◆ **REQUIRED ACTION**: Check every line of the data for the word "lemma", and copy those that have it.

┌─ RECORD SET

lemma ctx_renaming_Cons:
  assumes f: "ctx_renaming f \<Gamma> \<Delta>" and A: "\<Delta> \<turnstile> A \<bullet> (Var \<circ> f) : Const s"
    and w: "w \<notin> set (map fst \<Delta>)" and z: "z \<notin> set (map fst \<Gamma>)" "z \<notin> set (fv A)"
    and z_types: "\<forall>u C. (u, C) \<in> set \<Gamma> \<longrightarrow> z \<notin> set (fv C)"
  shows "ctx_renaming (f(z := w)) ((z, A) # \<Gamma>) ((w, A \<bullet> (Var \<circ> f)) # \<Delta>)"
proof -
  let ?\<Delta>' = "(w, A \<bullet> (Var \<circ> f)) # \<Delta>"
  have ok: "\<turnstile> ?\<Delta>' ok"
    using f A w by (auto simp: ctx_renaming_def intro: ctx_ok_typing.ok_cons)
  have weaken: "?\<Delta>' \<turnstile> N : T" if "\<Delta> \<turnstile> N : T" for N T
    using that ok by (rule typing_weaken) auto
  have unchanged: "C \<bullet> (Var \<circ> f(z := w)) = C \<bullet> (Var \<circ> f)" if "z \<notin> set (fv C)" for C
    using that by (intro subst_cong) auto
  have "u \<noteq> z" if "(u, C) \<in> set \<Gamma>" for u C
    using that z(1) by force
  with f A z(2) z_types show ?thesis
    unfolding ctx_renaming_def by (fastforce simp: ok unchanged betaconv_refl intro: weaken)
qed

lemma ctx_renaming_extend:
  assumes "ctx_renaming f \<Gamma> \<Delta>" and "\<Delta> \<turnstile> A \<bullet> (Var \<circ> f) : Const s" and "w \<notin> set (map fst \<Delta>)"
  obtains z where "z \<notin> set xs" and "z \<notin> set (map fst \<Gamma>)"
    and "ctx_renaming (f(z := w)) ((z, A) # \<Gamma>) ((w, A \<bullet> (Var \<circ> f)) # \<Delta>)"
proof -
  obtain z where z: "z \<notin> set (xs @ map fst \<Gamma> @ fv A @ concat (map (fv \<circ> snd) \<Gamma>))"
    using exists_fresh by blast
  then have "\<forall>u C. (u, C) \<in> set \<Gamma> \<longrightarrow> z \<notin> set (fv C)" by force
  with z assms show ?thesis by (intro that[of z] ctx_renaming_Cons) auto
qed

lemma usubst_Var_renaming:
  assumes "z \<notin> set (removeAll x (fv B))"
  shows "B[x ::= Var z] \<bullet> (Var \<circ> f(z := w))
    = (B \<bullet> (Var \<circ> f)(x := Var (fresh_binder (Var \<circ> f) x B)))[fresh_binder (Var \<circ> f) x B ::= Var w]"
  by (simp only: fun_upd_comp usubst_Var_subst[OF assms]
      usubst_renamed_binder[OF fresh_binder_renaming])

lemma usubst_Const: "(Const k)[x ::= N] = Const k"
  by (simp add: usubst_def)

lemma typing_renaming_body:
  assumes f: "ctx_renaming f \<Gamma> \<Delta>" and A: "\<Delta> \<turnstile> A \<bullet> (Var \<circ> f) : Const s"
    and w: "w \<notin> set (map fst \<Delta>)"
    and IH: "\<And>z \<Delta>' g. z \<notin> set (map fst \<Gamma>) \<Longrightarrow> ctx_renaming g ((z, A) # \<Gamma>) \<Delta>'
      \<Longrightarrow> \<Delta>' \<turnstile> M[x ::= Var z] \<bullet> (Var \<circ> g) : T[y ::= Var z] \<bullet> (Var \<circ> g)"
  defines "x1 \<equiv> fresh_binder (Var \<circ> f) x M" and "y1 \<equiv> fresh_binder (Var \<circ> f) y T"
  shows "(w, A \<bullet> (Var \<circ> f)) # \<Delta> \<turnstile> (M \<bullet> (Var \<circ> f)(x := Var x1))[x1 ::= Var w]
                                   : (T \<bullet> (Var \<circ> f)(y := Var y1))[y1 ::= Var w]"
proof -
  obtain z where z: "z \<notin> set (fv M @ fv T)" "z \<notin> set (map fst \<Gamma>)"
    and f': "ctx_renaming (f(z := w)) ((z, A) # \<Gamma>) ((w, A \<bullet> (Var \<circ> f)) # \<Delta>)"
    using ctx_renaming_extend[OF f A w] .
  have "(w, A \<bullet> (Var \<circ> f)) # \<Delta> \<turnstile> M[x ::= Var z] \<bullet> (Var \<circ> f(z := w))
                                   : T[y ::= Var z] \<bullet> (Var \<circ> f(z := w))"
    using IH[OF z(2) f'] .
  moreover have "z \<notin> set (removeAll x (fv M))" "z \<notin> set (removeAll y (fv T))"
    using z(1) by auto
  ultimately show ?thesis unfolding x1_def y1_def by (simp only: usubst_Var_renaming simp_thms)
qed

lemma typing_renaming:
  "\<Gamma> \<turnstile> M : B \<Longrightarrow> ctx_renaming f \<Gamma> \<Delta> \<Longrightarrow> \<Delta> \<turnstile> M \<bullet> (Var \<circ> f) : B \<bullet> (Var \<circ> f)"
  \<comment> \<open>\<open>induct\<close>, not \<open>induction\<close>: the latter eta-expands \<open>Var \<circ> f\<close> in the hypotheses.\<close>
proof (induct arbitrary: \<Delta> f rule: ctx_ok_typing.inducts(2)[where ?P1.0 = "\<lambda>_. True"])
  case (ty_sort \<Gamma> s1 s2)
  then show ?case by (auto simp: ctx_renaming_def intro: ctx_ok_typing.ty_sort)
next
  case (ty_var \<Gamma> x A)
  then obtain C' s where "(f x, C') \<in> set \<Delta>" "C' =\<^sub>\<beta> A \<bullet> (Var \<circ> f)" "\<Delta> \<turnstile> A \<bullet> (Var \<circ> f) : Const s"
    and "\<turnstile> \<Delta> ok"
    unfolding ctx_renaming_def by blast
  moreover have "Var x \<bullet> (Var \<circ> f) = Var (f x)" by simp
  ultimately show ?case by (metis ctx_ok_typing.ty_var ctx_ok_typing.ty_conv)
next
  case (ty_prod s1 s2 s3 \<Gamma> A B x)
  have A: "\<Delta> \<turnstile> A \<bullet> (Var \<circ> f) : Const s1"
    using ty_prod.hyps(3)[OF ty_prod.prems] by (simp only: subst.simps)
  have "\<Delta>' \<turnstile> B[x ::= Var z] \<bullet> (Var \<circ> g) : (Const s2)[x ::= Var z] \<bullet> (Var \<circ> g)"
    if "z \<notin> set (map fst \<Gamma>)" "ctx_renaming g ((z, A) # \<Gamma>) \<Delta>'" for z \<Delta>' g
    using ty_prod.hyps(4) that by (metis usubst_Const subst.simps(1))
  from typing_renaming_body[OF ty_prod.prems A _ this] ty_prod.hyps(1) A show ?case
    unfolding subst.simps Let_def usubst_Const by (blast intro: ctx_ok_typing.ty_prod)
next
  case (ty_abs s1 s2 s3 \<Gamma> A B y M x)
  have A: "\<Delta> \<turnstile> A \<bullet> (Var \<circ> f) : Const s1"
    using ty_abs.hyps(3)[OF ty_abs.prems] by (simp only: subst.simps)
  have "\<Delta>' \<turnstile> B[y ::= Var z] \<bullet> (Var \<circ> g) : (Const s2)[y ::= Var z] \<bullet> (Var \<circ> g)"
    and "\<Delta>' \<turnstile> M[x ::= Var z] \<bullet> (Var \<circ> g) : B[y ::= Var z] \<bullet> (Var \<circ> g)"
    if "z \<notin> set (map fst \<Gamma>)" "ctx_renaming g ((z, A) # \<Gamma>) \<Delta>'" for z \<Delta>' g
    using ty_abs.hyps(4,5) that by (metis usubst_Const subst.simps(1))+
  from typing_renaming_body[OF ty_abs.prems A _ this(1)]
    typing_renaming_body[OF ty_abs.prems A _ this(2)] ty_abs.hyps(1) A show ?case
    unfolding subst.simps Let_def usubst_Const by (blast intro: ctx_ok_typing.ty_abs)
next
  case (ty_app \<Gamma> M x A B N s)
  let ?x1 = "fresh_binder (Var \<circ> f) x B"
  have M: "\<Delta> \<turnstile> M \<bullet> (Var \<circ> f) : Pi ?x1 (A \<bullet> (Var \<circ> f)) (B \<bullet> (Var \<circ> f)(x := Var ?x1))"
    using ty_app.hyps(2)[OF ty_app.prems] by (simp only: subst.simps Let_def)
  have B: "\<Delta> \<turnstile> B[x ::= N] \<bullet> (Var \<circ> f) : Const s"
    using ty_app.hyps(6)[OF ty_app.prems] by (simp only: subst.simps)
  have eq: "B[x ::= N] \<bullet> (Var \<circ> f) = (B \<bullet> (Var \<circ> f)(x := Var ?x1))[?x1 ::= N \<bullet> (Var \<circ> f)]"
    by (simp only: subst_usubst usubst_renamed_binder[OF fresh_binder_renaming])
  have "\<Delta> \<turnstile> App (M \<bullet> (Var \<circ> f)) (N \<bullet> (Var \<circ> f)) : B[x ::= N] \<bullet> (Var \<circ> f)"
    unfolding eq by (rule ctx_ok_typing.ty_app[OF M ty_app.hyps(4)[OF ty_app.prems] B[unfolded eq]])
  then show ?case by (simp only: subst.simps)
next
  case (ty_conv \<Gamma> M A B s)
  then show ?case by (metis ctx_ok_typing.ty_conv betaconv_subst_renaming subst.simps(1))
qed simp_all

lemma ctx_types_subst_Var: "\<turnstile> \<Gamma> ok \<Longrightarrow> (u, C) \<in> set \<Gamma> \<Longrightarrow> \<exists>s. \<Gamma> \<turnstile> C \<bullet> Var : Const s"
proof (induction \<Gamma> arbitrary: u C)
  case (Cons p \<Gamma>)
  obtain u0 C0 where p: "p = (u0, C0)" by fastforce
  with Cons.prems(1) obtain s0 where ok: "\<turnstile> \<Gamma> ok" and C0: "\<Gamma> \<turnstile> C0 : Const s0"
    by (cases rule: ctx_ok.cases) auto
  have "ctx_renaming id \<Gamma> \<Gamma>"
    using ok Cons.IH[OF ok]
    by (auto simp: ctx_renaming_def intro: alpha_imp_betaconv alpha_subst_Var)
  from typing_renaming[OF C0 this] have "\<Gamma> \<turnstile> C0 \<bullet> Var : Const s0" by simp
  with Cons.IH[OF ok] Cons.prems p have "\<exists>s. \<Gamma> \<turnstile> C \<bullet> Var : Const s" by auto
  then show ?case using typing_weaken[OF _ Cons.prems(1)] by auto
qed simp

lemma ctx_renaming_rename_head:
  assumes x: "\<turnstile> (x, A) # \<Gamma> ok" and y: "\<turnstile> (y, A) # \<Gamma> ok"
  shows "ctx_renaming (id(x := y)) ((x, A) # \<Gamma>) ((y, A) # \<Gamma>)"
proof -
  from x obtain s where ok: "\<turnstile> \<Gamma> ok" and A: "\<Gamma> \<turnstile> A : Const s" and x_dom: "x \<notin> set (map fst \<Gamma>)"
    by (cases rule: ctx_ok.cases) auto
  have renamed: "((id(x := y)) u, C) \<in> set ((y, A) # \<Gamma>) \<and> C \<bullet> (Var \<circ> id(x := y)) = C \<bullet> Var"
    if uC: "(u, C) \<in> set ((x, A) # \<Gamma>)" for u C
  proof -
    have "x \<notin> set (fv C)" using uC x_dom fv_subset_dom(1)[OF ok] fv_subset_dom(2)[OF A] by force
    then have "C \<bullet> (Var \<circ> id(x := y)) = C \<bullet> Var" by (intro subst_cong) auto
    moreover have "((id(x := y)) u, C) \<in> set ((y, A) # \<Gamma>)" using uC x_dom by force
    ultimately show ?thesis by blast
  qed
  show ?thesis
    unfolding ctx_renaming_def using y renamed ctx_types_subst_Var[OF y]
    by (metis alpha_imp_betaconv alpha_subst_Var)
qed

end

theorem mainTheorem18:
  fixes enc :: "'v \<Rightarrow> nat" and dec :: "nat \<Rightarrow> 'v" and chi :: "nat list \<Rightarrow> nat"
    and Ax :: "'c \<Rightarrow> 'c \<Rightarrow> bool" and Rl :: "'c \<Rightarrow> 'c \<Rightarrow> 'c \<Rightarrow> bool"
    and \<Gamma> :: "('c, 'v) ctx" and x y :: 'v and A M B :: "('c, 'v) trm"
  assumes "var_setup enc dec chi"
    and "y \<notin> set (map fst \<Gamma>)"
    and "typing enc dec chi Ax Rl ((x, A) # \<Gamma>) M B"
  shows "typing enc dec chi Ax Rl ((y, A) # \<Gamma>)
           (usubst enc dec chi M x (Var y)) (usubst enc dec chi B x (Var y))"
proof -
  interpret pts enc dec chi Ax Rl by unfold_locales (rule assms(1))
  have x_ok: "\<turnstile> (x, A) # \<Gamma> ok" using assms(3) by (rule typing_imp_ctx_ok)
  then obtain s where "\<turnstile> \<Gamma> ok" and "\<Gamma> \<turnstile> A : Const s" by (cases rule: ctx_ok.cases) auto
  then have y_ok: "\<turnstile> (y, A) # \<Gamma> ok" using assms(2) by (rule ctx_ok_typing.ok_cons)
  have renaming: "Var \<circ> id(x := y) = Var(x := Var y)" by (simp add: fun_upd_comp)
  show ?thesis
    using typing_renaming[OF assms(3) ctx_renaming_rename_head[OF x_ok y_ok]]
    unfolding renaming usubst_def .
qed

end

└─

◆ **RESULT OF THE TASK**:
lemma ctx_renaming_Cons:
lemma ctx_renaming_extend:
lemma usubst_Var_renaming:
lemma usubst_Const: "(Const k)[x ::= N] = Const k"
lemma typing_renaming_body:
lemma typing_renaming:
lemma ctx_types_subst_Var: "\<turnstile> \<Gamma> ok \<Longrightarrow> (u, C) \<in> set \<Gamma> \<Longrightarrow> \<exists>s. \<Gamma> \<turnstile> C \<bullet> Var : Const s"
lemma ctx_renaming_rename_head:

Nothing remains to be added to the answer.